[Items from a data source]:
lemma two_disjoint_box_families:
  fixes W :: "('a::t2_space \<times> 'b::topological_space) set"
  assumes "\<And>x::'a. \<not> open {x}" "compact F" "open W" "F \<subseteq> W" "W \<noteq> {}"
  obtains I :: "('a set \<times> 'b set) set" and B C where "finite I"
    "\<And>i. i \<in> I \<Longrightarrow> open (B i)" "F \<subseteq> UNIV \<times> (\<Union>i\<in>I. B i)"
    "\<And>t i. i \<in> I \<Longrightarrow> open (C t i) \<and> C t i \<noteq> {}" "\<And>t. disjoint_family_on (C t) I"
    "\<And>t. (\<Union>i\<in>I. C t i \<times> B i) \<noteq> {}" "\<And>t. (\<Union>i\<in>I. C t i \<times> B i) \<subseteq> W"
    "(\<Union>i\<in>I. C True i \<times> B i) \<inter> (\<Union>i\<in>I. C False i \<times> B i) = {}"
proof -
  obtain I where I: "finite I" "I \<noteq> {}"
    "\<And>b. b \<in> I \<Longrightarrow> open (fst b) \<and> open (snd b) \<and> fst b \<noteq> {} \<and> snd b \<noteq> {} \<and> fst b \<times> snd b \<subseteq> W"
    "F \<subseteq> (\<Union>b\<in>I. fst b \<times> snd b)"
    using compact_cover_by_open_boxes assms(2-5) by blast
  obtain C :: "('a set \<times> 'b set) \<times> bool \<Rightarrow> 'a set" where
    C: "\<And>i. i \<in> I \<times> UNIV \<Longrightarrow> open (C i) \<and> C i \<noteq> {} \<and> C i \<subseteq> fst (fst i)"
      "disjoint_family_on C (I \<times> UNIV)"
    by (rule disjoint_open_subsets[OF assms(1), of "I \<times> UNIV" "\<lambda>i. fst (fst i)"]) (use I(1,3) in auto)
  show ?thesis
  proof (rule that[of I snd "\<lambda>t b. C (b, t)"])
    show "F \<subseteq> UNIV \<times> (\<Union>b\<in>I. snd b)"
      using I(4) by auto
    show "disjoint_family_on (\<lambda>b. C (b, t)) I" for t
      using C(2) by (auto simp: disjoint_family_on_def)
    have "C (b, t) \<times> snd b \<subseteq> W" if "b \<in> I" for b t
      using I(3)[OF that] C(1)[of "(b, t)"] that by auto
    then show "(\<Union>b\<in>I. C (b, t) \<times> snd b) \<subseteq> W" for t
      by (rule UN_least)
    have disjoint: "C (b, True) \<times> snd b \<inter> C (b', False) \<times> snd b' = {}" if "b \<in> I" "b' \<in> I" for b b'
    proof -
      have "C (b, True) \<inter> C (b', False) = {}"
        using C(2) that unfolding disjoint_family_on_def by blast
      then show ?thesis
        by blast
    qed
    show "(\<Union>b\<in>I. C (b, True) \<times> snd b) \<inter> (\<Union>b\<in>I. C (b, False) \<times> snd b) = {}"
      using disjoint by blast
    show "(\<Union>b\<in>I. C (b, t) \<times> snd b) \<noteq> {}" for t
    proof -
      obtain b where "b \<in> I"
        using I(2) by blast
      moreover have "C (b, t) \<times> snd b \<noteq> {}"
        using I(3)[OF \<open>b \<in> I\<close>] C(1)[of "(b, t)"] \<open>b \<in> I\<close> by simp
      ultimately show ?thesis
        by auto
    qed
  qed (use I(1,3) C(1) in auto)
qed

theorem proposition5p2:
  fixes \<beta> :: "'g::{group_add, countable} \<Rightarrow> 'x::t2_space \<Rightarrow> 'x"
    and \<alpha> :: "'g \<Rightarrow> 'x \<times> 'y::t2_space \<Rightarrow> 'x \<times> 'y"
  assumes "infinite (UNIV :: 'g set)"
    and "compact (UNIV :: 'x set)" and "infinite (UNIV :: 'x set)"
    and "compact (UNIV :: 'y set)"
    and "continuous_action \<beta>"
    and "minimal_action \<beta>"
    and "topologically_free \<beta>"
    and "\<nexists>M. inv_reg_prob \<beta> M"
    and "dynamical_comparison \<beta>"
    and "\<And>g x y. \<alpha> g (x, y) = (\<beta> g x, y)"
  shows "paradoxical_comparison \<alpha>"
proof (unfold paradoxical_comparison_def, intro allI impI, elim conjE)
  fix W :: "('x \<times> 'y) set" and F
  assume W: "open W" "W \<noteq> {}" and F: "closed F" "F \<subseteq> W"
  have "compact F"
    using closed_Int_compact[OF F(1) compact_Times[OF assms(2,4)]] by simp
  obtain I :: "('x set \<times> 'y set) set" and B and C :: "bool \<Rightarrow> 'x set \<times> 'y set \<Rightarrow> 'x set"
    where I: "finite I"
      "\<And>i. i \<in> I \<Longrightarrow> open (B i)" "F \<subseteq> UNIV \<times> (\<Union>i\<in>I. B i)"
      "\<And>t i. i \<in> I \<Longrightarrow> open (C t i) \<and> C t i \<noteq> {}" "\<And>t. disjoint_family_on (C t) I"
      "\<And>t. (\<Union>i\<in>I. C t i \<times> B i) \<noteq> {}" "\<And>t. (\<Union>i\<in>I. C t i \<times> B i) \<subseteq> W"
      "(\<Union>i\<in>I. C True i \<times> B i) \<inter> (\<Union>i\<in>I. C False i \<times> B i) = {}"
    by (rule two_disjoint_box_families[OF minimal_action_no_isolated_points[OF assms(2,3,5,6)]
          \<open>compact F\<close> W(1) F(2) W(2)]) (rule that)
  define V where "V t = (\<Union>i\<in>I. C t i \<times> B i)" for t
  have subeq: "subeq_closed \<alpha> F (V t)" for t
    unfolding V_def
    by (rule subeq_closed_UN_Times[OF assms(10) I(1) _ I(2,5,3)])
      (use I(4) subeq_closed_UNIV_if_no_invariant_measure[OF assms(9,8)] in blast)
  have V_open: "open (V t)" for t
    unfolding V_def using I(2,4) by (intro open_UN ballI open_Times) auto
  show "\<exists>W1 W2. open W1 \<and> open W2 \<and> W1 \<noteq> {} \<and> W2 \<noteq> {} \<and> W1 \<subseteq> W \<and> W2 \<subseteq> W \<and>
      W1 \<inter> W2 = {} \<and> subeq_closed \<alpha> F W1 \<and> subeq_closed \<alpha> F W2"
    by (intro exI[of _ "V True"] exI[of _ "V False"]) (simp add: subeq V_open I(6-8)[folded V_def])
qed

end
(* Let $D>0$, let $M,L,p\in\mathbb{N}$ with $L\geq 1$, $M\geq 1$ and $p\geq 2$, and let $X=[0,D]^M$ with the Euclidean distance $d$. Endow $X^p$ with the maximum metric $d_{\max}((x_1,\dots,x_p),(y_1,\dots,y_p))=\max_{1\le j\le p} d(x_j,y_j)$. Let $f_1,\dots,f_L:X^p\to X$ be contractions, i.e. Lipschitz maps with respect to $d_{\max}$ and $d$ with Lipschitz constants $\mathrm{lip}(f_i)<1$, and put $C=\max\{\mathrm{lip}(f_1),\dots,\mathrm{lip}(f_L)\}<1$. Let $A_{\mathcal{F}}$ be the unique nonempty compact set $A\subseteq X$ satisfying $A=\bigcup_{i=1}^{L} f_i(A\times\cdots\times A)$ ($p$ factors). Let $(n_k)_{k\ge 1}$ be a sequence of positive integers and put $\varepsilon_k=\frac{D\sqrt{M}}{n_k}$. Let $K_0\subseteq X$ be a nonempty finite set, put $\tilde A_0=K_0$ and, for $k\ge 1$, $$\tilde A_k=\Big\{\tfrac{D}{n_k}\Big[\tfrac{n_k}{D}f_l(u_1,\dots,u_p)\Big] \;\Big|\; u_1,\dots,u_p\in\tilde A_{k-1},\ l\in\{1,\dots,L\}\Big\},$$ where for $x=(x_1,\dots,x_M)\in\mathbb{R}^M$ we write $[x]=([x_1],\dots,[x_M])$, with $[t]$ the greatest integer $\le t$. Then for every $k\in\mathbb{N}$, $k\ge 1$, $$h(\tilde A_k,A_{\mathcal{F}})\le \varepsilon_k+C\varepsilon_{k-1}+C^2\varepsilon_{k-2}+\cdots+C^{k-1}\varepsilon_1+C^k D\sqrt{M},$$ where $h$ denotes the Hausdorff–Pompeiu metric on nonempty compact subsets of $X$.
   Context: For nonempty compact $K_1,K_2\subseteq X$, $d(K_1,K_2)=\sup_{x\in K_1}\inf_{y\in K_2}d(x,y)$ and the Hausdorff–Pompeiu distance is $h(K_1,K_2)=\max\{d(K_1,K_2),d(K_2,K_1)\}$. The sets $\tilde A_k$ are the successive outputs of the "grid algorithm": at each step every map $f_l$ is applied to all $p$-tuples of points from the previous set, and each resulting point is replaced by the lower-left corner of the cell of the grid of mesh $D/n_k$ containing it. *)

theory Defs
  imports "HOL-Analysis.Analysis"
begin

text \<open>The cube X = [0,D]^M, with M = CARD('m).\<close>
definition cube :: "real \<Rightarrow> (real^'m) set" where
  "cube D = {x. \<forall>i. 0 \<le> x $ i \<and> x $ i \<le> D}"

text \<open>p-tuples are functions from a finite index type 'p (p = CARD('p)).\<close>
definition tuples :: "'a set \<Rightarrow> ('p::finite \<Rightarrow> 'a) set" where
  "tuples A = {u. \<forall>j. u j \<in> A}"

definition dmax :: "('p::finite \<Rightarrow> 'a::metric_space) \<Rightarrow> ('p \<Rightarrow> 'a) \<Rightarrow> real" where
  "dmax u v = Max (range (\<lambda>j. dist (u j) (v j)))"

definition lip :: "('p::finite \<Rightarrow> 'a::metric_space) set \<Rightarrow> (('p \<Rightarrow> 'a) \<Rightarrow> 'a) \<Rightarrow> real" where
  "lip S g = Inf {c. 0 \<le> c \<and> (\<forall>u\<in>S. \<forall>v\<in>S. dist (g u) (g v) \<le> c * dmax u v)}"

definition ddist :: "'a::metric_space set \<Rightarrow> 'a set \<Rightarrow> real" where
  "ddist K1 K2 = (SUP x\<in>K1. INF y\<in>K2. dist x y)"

[Assignment]:
Above are the records. Print exactly, and only, the lines from the line with "using C(2) that" to the line with "(UNIV :: 'y", both inclusive.

[Solution to the problem]:
        using C(2) that unfolding disjoint_family_on_def by blast
      then show ?thesis
        by blast
    qed
    show "(\<Union>b\<in>I. C (b, True) \<times> snd b) \<inter> (\<Union>b\<in>I. C (b, False) \<times> snd b) = {}"
      using disjoint by blast
    show "(\<Union>b\<in>I. C (b, t) \<times> snd b) \<noteq> {}" for t
    proof -
      obtain b where "b \<in> I"
        using I(2) by blast
      moreover have "C (b, t) \<times> snd b \<noteq> {}"
        using I(3)[OF \<open>b \<in> I\<close>] C(1)[of "(b, t)"] \<open>b \<in> I\<close> by simp
      ultimately show ?thesis
        by auto
    qed
  qed (use I(1,3) C(1) in auto)
qed

theorem proposition5p2:
  fixes \<beta> :: "'g::{group_add, countable} \<Rightarrow> 'x::t2_space \<Rightarrow> 'x"
    and \<alpha> :: "'g \<Rightarrow> 'x \<times> 'y::t2_space \<Rightarrow> 'x \<times> 'y"
  assumes "infinite (UNIV :: 'g set)"
    and "compact (UNIV :: 'x set)" and "infinite (UNIV :: 'x set)"
    and "compact (UNIV :: 'y set)"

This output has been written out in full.